On Tuesday, March 21, I got up at 3:15 in the morning. My “Super Shuttle” (a van which transports people to and from the three Washington area airports) picked me up at 4:00 and took me to the airport, where I flew in the smallest jet I had ever seen (only three seats across the entire plane) to Saint Louis, where I caught a normal-sized jet to Seattle. I arrived in Seattle at 2:10 Eastern Standard Time, but as the west coast of the United States is three hours behind the east coast, it was only 11:10 Pacific Standard Time. It then took me three hours to get to my hotel! Most of that was spent standing in a very long line to buy my bus ticket.
I had no specific meetings planned with any of my Webhead friends, and I did not encounter any of them that day, so I wandered down to the famous Pike Street Market, where I took some pictures and bought a present for my daughter: a tiny owl figurine that looks like Harry Potter’s owl Hedwig as a baby.
In the evening, I attended a Pre-Convention Institute on program planning and evaluation with my colleague from MEI.

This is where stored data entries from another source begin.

lemma is_mpda_pop_normalize:
  assumes "is_mpda A"
  shows "is_mpda (pop_normalize A)"
proof -
  have "case t of (q, g, g', q') \<Rightarrow> q \<in> states A \<and> q' \<in> states A \<and>
      set_option g \<subseteq> stack A \<times> states A \<and> set_option g' \<subseteq> stack A \<times> states A \<and>
      \<not> (g \<noteq> None \<and> g' \<noteq> None)"
    if "t \<in> trans (pop_normalize A)" for t
  proof (rule trans_pop_normalizeE[OF that])
    fix q g g' q' r
    assume "t = (q, map_option (\<lambda>x. (x, q')) g, map_option (\<lambda>x. (x, r)) g', q')"
      and t: "(q, g, g', q') \<in> trans A" and "r \<in> states A"
    with is_mpda_transD[OF assms t] show ?thesis
      by (cases g; cases g') simp_all
  qed
  moreover have "finite (stack A \<times> states A)"
    using assms by (simp add: is_mpda_def)
  ultimately show ?thesis
    using assms unfolding is_mpda_def pop_normalize_simps by blast
qed

lemma pop_normalized_pop_normalize: "pop_normalized (pop_normalize A)"
  unfolding pop_normalized_def
  by (rule exI[of _ snd]) (auto simp: pop_normalize_def eq_commute[of "Some _"])

lemma mpda_hom_pop_normalize: "mpda_hom id fst (pop_normalize A) A"
  unfolding mpda_hom_def pop_normalize_def by (auto simp: option.map_comp comp_def option.map_ident)

fun map_with_height :: "(nat \<Rightarrow> 'x \<Rightarrow> 'y) \<Rightarrow> 'x list \<Rightarrow> 'y list" where
  "map_with_height f [] = []"
| "map_with_height f (x # xs) = f (length xs) x # map_with_height f xs"

lemma map_with_height_eq_Nil_iff [simp]: "map_with_height f xs = [] \<longleftrightarrow> xs = []"
  by (cases xs) simp_all

lemma map_with_height_cong:
  "(\<And>k x. k < length xs \<Longrightarrow> f k x = f' k x) \<Longrightarrow> map_with_height f xs = map_with_height f' xs"
  by (induction xs) auto

lemma map_with_height_opt_list_append:
  "map_with_height f (opt_list g @ xs) = opt_list (map_option (f (length xs)) g) @ map_with_height f xs"
  by (cases g) (simp_all add: opt_list_def)

text \<open>The state reached when the cell of \<open>cs ! i\<close> lying on \<open>k\<close> other cells is popped. If it is
  never popped the value is junk; in an accepting run every cell is popped.\<close>

definition return_state :: "('q \<times> 'g list) list \<Rightarrow> nat \<Rightarrow> nat \<Rightarrow> 'q" where
  "return_state cs i k = fst (cs ! (LEAST j. i < j \<and> length (snd (cs ! j)) \<le> k))"

lemma return_state_Suc:
  assumes "k < length (snd (cs ! Suc i))"
  shows "return_state cs i k = return_state cs (Suc i) k"
proof -
  have "(\<lambda>j. i < j \<and> length (snd (cs ! j)) \<le> k) = (\<lambda>j. Suc i < j \<and> length (snd (cs ! j)) \<le> k)"
    using assms by (force simp: fun_eq_iff intro: Suc_lessI)
  then show ?thesis
    unfolding return_state_def by simp
qed

lemma return_state_pop:
  assumes "length (snd (cs ! Suc i)) \<le> k"
  shows "return_state cs i k = fst (cs ! Suc i)"
proof -
  have "(LEAST j. i < j \<and> length (snd (cs ! j)) \<le> k) = Suc i"
    by (rule Least_equality) (use assms in auto)
  then show ?thesis
    unfolding return_state_def by simp
qed

lemma return_state_in_states:
  assumes "is_mpda A" "accepting_run A cs" "Suc i < length cs"
  shows "return_state cs i k \<in> states A"
proof -
  let ?j = "LEAST j. i < j \<and> length (snd (cs ! j)) \<le> k"
  have "snd (cs ! (length cs - 1)) = []"
    using assms(2) unfolding accepting_run_def by (auto simp: last_conv_nth)
  then have "?j \<le> length cs - 1"
    using assms(3) by (intro Least_le) simp
  then show ?thesis
    unfolding return_state_def using accepting_run_states[OF assms(1,2)] assms(3) by simp
qed

definition annotated_config :: "('q \<times> 'g list) list \<Rightarrow> nat \<Rightarrow> 'q \<times> ('g \<times> 'q) list" where
  "annotated_config cs i =
     (fst (cs ! i), map_with_height (\<lambda>k x. (x, return_state cs i k)) (snd (cs ! i)))"

lemma mstep_annotated_config:
  assumes "is_mpda A" "accepting_run A cs" "Suc i < length cs"
  shows "mstep (pop_normalize A) (annotated_config cs i) (annotated_config cs (Suc i))"
proof -
  let ?q = "fst (cs ! i)" and ?q' = "fst (cs ! Suc i)"
  let ?ann = "\<lambda>i k x. (x, return_state cs i k)"
  obtain g g' \<alpha> where t: "(?q, g, g', ?q') \<in> trans A"
    and s: "snd (cs ! i) = opt_list g @ \<alpha>" and s': "snd (cs ! Suc i) = opt_list g' @ \<alpha>"
    and ne: "snd (cs ! i) \<noteq> []"
    using assms(2,3) unfolding accepting_run_def mstep_def by auto
  have below: "map_with_height (?ann i) \<alpha> = map_with_height (?ann (Suc i)) \<alpha>"
    using return_state_Suc[of _ cs i] s' by (intro map_with_height_cong) simp
  have popped: "map_option (?ann i (length \<alpha>)) g = map_option (\<lambda>x. (x, ?q')) g"
  proof (cases g)
    case (Some x)
    then have "g' = None"
      using is_mpda_transD(5)[OF assms(1) t] by simp
    then show ?thesis
      using Some s' return_state_pop[of cs i "length \<alpha>"] by (simp add: opt_list_def)
  qed simp
  obtain r where r: "r \<in> states A"
    and pushed: "map_option (?ann (Suc i) (length \<alpha>)) g' = map_option (\<lambda>x. (x, r)) g'"
  proof (cases g')
    case None
    then show thesis
      using that[of ?q] is_mpda_transD(1)[OF assms(1) t] by simp
  next
    case (Some x)
    then have "Suc (Suc i) < length cs"
      using accepting_run_Suc_less_length[OF assms(2,3)] s' by (simp add: opt_list_def)
    then show thesis
      using that return_state_in_states[OF assms(1,2)] by blast
  qed
  have "(?q, map_option (\<lambda>x. (x, ?q')) g, map_option (\<lambda>x. (x, r)) g', ?q') \<in> trans (pop_normalize A)"
    using t r by (rule trans_pop_normalizeI)
  then show ?thesis
    using s s' ne below popped pushed
    by (intro mstepI[where g = "map_option (\<lambda>x. (x, ?q')) g" and g' = "map_option (\<lambda>x. (x, r)) g'"
          and \<alpha> = "map_with_height (?ann i) \<alpha>"])
      (simp_all add: annotated_config_def map_with_height_opt_list_append opt_list_map_option)
qed

lemma lang_subset_pop_normalize:
  assumes "is_mpda A"
  shows "lang A \<subseteq> lang (pop_normalize A)"
proof
  fix w assume "w \<in> lang A"
  then obtain cs where run: "accepting_run A cs" and w: "w = map (\<lambda>c. out A (fst c)) cs"
    unfolding lang_def by blast
  let ?cs = "map (annotated_config cs) [0..<length cs]"
  have ne: "cs \<noteq> []"
    using run unfolding accepting_run_def by simp
  obtain g where g: "g \<in> stack A" "snd (cs ! 0) = [g]"
    using run ne unfolding accepting_run_def by (auto simp: hd_conv_nth)
  then have "Suc 0 < length cs"
    using accepting_run_Suc_less_length[OF run] ne by simp
  then have "return_state cs 0 0 \<in> states A"
    using return_state_in_states[OF assms run] by simp
  then have "\<exists>g' \<in> stack (pop_normalize A). snd (hd ?cs) = [g']"
    using g ne by (simp add: hd_map annotated_config_def del: upt_Suc)
  moreover have "fst (hd ?cs) \<in> init (pop_normalize A)"
    using run ne unfolding accepting_run_def
    by (simp add: hd_map hd_conv_nth annotated_config_def del: upt_Suc)
  moreover have "fst (last ?cs) \<in> fin (pop_normalize A)" "snd (last ?cs) = []"
    using run ne unfolding accepting_run_def
    by (simp_all add: last_map last_conv_nth annotated_config_def del: upt_Suc)
  moreover have "mstep (pop_normalize A) (?cs ! i) (?cs ! Suc i)" if "Suc i < length ?cs" for i
    using that mstep_annotated_config[OF assms run] by (simp del: upt_Suc)
  ultimately have "accepting_run (pop_normalize A) ?cs"
    using ne unfolding accepting_run_def by simp
  moreover have "w = map (\<lambda>c. out (pop_normalize A) (fst c)) ?cs"
    unfolding w by (rule nth_equalityI) (simp_all add: annotated_config_def del: upt_Suc)
  ultimately show "w \<in> lang (pop_normalize A)"
    unfolding lang_def by blast
qed

lemma lang_pop_normalize:
  assumes "is_mpda A"
  shows "lang (pop_normalize A) = lang A"
  using lang_subset_pop_normalize[OF assms]
    lang_subset_if_mpda_hom[OF is_mpda_pop_normalize[OF assms] mpda_hom_pop_normalize]
  by blast

theorem lemma3p3:
  fixes A :: "('q, 'a, 'g) mpda"
  assumes "is_mpda A"
  shows "\<exists>A' :: (nat, 'a, nat) mpda. is_mpda A' \<and> pop_normalized A' \<and> lang A' = lang A"
proof -
  let ?B = "pop_normalize A"
  let ?A' = "map_mpda (to_nat_on (states ?B)) (to_nat_on (stack ?B)) ?B"
  have B: "is_mpda ?B"
    using is_mpda_pop_normalize[OF assms] .
  then have "finite (states ?B)" "finite (stack ?B)"
    unfolding is_mpda_def by blast+
  then have inj: "inj_on (to_nat_on (states ?B)) (states ?B)" "inj_on (to_nat_on (stack ?B)) (stack ?B)"
    by (simp_all add: inj_on_to_nat_on countable_finite)
  have "is_mpda ?A'"
    using is_mpda_map_mpda[OF B] .
  moreover have "pop_normalized ?A'"
    using pop_normalized_map_mpda[OF B inj(2) pop_normalized_pop_normalize] .
  moreover have "lang ?A' = lang A"
    using lang_map_mpda[OF B inj] lang_pop_normalize[OF assms] by simp
  ultimately show ?thesis
    by blast
qed

end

The next day, I went directly to the Electronic Village, which is the special part of the Convention dedicated to Computer Assisted Language Learning (CALL). I volunteered as a “greeter”—the person who stands at the door and directs people to where they want to go. That is where I began to meet the Webheads! It was so much fun finally meeting the people I had been studying with, chatting with, and learning from for over a year. That evening and the following two evenings as well, I went to dinner with Webheads from the United States, Brazil, Canada, the United Arab Emirates, Venezuela, Portugal, France, Australia, Argentina, Taiwan, Japan, and Tajikistan! We had so much fun. You can see this in our faces.
After dinner, we would all congregate at The Elephant and Castle, a friendly bar located in my hotel until the wee hours of the morning. I astonished myself, because normally I get sleepy very early, and I am usually in bed by 10 or 11 at home, but in Seattle I somehow managed to stay wide awake until 1:00 or 2:00 every night! In between these joyous Webhead dinners, we were all attending sessions all day at the Convention. Somehow, I did not feel tired.
People began leaving Seattle Friday night and Saturday morning. My colleague and I had to attend an all-day workshop on program accreditation, and by the time it was over at 3 p.m., almost everyone was gone. But I still had another social obligation to fulfill. A former colleague who had opened her own language school (and then hired me to teach there part-time) had moved to Washington State with her family about a year before, and I went to visit her and have dinner at her lovely home near Microsoft headquarters, where her husband now works. It was a lovely ending to a wonderful week. When they drove me back to my hotel that evening, I finally got to see (from a distance) Seattle’s famous Space Needle, and I realized that it had been very near the Convention Center all along! I had just been too busy to go and visit it.
The next day, I was up very early again (4 a.m.) for my flight back home. This time my colleague and I flew together. We changed planes in Dallas, where there was a delay, and I did not get home until 9:30 at night. As you can imagine, I was really tired—but I had to get up at 6:00 the next morning to go to work!
My trip to Seattle was truly a special one for me—not because of the city itself or even because of the TESOL Convention, but because of the precious time I spent with my far-flung Webhead friends.